An RShiny dashboard was constructed to use modelling outputs and epidemiological data to facilitate the selection of districts for molecular surveillance [21]. As well as median posterior estimates of marker prevalence and posterior uncertainty, we include the additional contextual datasets of estimated gridded Pf parasite rate (PFPR) [27], estimated district accessibility [27], estimated human population density, and estimated temperature suitability for Pf transmission [28]. The dashboard allows the user to place a set of “filters” in a preferred order to exclude districts on the grounds they do not satisfy one of the filtering criteria. For example, a “filter” can be placed on the PFPR, to include only the 50 districts with the highest PFPR in further decision-making. The dashboard allows the results of multiple filtering outputs to be visualised and compared without the decision-maker being familiar with the R programming language or any of R’s functionality for geospatial modelling or visualisation. The workflow featured in our dashboard was iterated subject to project aims and data availability – the final workflow excludes districts based on filtering variables (i.e., a subtractive approach), rather than optimising one or more decision objectives (a more direct approach). The set of districts selected through the dashboard is highly sensitive to decisions made during the selection and ordering of filters, and the number of districts excluded as each filter is applied. This sensitivity is acknowledged, but allowable: the workflow presented is a quantitative, structured approach to decision-making and is preferable to selecting sites ignoring available data and without considering specific surveillance objectives (e.g., selecting equidistant sites or selecting sites at random) [29,30]. The dashboard is freely available at https://iddo.shinyapps.io/pf_drug_resistance.

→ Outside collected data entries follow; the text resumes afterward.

(* Let $\lambda_0,\lambda_1,\lambda_2$ be positive integers with height $h=\lambda_0+\lambda_1+\lambda_2$. For each labelling $\{i,j,k\}=\{0,1,2\}$ consider the transformed triple $\left(\lambda_j,\lambda_k,\frac{(\lambda_j+\lambda_k)^2}{\lambda_i}\right)$, with height $h_i=\lambda_j+\lambda_k+\frac{(\lambda_j+\lambda_k)^2}{\lambda_i}$. Then there is at most one index $i\in\{0,1,2\}$ with $h_i\le h$. Moreover, if $h_i=h$ then the transformed triple is a permutation of $(\lambda_0,\lambda_1,\lambda_2)$. *)

theory Defs
  imports Complex_Main "HOL-Library.Multiset"
begin

(* A triple (lambda_0, lambda_1, lambda_2) of positive integers is represented
   by a function l :: nat => nat, of which only l 0, l 1, l 2 matter. *)

definition height :: "(nat \<Rightarrow> nat) \<Rightarrow> real" where
  "height l = real (l 0) + real (l 1) + real (l 2)"

definition transformed :: "(nat \<Rightarrow> nat) \<Rightarrow> nat \<Rightarrow> nat \<Rightarrow> nat \<Rightarrow> real list" where
  "transformed l i j k =
     [real (l j), real (l k), (real (l j) + real (l k))^2 / real (l i)]"

definition theight :: "(nat \<Rightarrow> nat) \<Rightarrow> nat \<Rightarrow> nat \<Rightarrow> nat \<Rightarrow> real" where
  "theight l i j k = real (l j) + real (l k) + (real (l j) + real (l k))^2 / real (l i)"

definition other1 :: "nat \<Rightarrow> nat" where "other1 i = (if i = 0 then 1 else 0)"
definition other2 :: "nat \<Rightarrow> nat" where "other2 i = (if i = 2 then 1 else 2)"

definition h_idx :: "(nat \<Rightarrow> nat) \<Rightarrow> nat \<Rightarrow> real" where
  "h_idx l i = theight l i (other1 i) (other2 i)"

end

theory Submission
  imports Defs
begin

text \<open>Write \<open>s = \<lambda>\<^sub>j + \<lambda>\<^sub>k\<close>. Then \<open>h\<^sub>i = s + s\<^sup>2/\<lambda>\<^sub>i\<close> and \<open>h = s + \<lambda>\<^sub>i\<close>, so \<open>h\<^sub>i \<le> h\<close>
  holds exactly when \<open>s\<^sup>2 \<le> \<lambda>\<^sub>i\<^sup>2\<close>, i.e. when \<open>\<lambda>\<^sub>i \<ge> \<lambda>\<^sub>j + \<lambda>\<^sub>k\<close>. Two distinct entries
  of a positive triple cannot each dominate the sum of the other two, and when
  \<open>\<lambda>\<^sub>i = \<lambda>\<^sub>j + \<lambda>\<^sub>k\<close> the new entry \<open>s\<^sup>2/\<lambda>\<^sub>i\<close> equals \<open>\<lambda>\<^sub>i\<close>.\<close>

lemma power2_div_le_self_iff:
  fixes a x :: real
  assumes "a > 0" "x \<ge> 0"
  shows "x\<^sup>2 / a \<le> a \<longleftrightarrow> x \<le> a"
proof -
  have "x\<^sup>2 / a \<le> a \<longleftrightarrow> x\<^sup>2 \<le> a\<^sup>2"
    using assms by (simp add: divide_le_eq power2_eq_square)
  also have "\<dots> \<longleftrightarrow> x \<le> a"
    using assms by simp
  finally show ?thesis .
qed

lemma power2_div_eq_self_iff:
  fixes a x :: real
  assumes "a > 0" "x \<ge> 0"
  shows "x\<^sup>2 / a = a \<longleftrightarrow> x = a"
proof -
  have "x\<^sup>2 / a = a \<longleftrightarrow> x\<^sup>2 = a\<^sup>2"
    using assms by (simp add: divide_eq_eq power2_eq_square)
  also have "\<dots> \<longleftrightarrow> x = a"
    using assms by simp
  finally show ?thesis .
qed

lemma height_split:
  fixes l :: "nat \<Rightarrow> nat"
  assumes "i \<in> {0,1,2}"
  shows "height l = real (l (other1 i) + l (other2 i)) + real (l i)"
  using assms by (auto simp: height_def other1_def other2_def)

lemma h_idx_split:
  fixes l :: "nat \<Rightarrow> nat"
  shows "h_idx l i = real (l (other1 i) + l (other2 i)) + (real (l (other1 i) + l (other2 i)))\<^sup>2 / real (l i)"
  by (simp add: h_idx_def theight_def)

lemma h_idx_le_height_iff:
  fixes l :: "nat \<Rightarrow> nat"
  assumes "i \<in> {0,1,2}" "l i > 0"
  shows "h_idx l i \<le> height l \<longleftrightarrow> l (other1 i) + l (other2 i) \<le> l i"
proof -
  have "h_idx l i \<le> height l \<longleftrightarrow>
      (real (l (other1 i) + l (other2 i)))\<^sup>2 / real (l i) \<le> real (l i)"
    unfolding h_idx_split height_split[OF assms(1)] by simp
  also have "\<dots> \<longleftrightarrow> l (other1 i) + l (other2 i) \<le> l i"
    using assms(2) by (subst power2_div_le_self_iff) (simp_all del: of_nat_add)
  finally show ?thesis .
qed

lemma h_idx_eq_height_iff:
  fixes l :: "nat \<Rightarrow> nat"
  assumes "i \<in> {0,1,2}" "l i > 0"
  shows "h_idx l i = height l \<longleftrightarrow> l (other1 i) + l (other2 i) = l i"
proof -
  have "h_idx l i = height l \<longleftrightarrow>
      (real (l (other1 i) + l (other2 i)))\<^sup>2 / real (l i) = real (l i)"
    unfolding h_idx_split height_split[OF assms(1)] by simp
  also have "\<dots> \<longleftrightarrow> l (other1 i) + l (other2 i) = l i"
    using assms(2) by (subst power2_div_eq_self_iff) (simp_all del: of_nat_add)
  finally show ?thesis .
qed

lemma card_Collect_le_1_if_unique:
  assumes "finite A" "\<And>x y. x \<in> A \<Longrightarrow> y \<in> A \<Longrightarrow> P x \<Longrightarrow> P y \<Longrightarrow> x = y"
  shows "card {x \<in> A. P x} \<le> 1"
proof -
  have "\<forall>x \<in> {x \<in> A. P x}. \<forall>y \<in> {x \<in> A. P x}. x = y"
    using assms(2) by simp
  then show ?thesis
    using card_le_Suc0_iff_eq[of "{x \<in> A. P x}"] assms(1) by simp
qed

lemma dominant_entry_unique:
  fixes l :: "nat \<Rightarrow> nat"
  assumes "l 0 > 0" "l 1 > 0" "l 2 > 0" "i \<in> {0,1,2}" "j \<in> {0,1,2}"
    and "l (other1 i) + l (other2 i) \<le> l i" "l (other1 j) + l (other2 j) \<le> l j"
  shows "i = j"
  using assms by (auto simp: other1_def other2_def)

lemma mset_transformed_if_sum_eq:
  fixes l :: "nat \<Rightarrow> nat"
  assumes "i \<in> {0,1,2}" "l (other1 i) + l (other2 i) = l i"
  shows "mset (transformed l i (other1 i) (other2 i)) = mset [real (l 0), real (l 1), real (l 2)]"
proof -
  have "real (l (other1 i)) + real (l (other2 i)) = real (l i)"
    using assms(2) by (simp flip: of_nat_add)
  then have "(real (l (other1 i)) + real (l (other2 i)))\<^sup>2 / real (l i) = real (l i)"
    by (simp add: power2_eq_square)
  then have "transformed l i (other1 i) (other2 i) = [real (l (other1 i)), real (l (other2 i)), real (l i)]"
    by (simp add: transformed_def)
  with assms(1) show ?thesis
    by (elim insertE emptyE) (simp_all add: other1_def other2_def add_mset_commute)
qed

theorem lemma3p14:
  fixes l :: "nat \<Rightarrow> nat"
  assumes pos: "l 0 > 0" "l 1 > 0" "l 2 > 0"
  shows "card {i \<in> {0,1,2::nat}. h_idx l i \<le> height l} \<le> 1 \<and>
         (\<forall>i \<in> {0,1,2}. h_idx l i = height l \<longrightarrow>
           mset (transformed l i (other1 i) (other2 i)) = mset [real (l 0), real (l 1), real (l 2)])"
proof
  have pos_i: "l i > 0" if "i \<in> {0,1,2}" for i
    using that pos by auto
  show "card {i \<in> {0,1,2::nat}. h_idx l i \<le> height l} \<le> 1"
  proof (rule card_Collect_le_1_if_unique)
    fix i j :: nat
    assume "i \<in> {0,1,2}" "j \<in> {0,1,2}" "h_idx l i \<le> height l" "h_idx l j \<le> height l"
    then show "i = j"
      by (intro dominant_entry_unique[OF pos]) (simp_all add: h_idx_le_height_iff pos_i)
  qed simp
  show "\<forall>i \<in> {0,1,2}. h_idx l i = height l \<longrightarrow>
          mset (transformed l i (other1 i) (other2 i)) = mset [real (l 0), real (l 1), real (l 2)]"
  proof (intro ballI impI)
    fix i :: nat
    assume i: "i \<in> {0,1,2}" and "h_idx l i = height l"
    then have "l (other1 i) + l (other2 i) = l i"
      by (simp add: h_idx_eq_height_iff pos_i)
    with i show "mset (transformed l i (other1 i) (other2 i)) = mset [real (l 0), real (l 1), real (l 2)]"
      by (rule mset_transformed_if_sum_eq)
  qed
qed

end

Workflow for site selection

We selected four districts for surveillance, based on the geospatial modelling of markers for resistance and other epidemiological data across India (Fig 1). The RShiny dashboard integrates the two geospatial models with other epidemiological variables for filtering and ranking districts to identify sites for prospective surveillance. The workflow for district selection was agreed on after multiple iterations of possible decision objectives and constraints. The final workflow divided districts into three groups, by malaria endemicity (high, medium, and low). Pragmatic considerations including site feasibility, population density, and expected number of malaria cases that might be candidates for surveillance study inclusion, were used to finalise site selection from the filtered district-level outputs.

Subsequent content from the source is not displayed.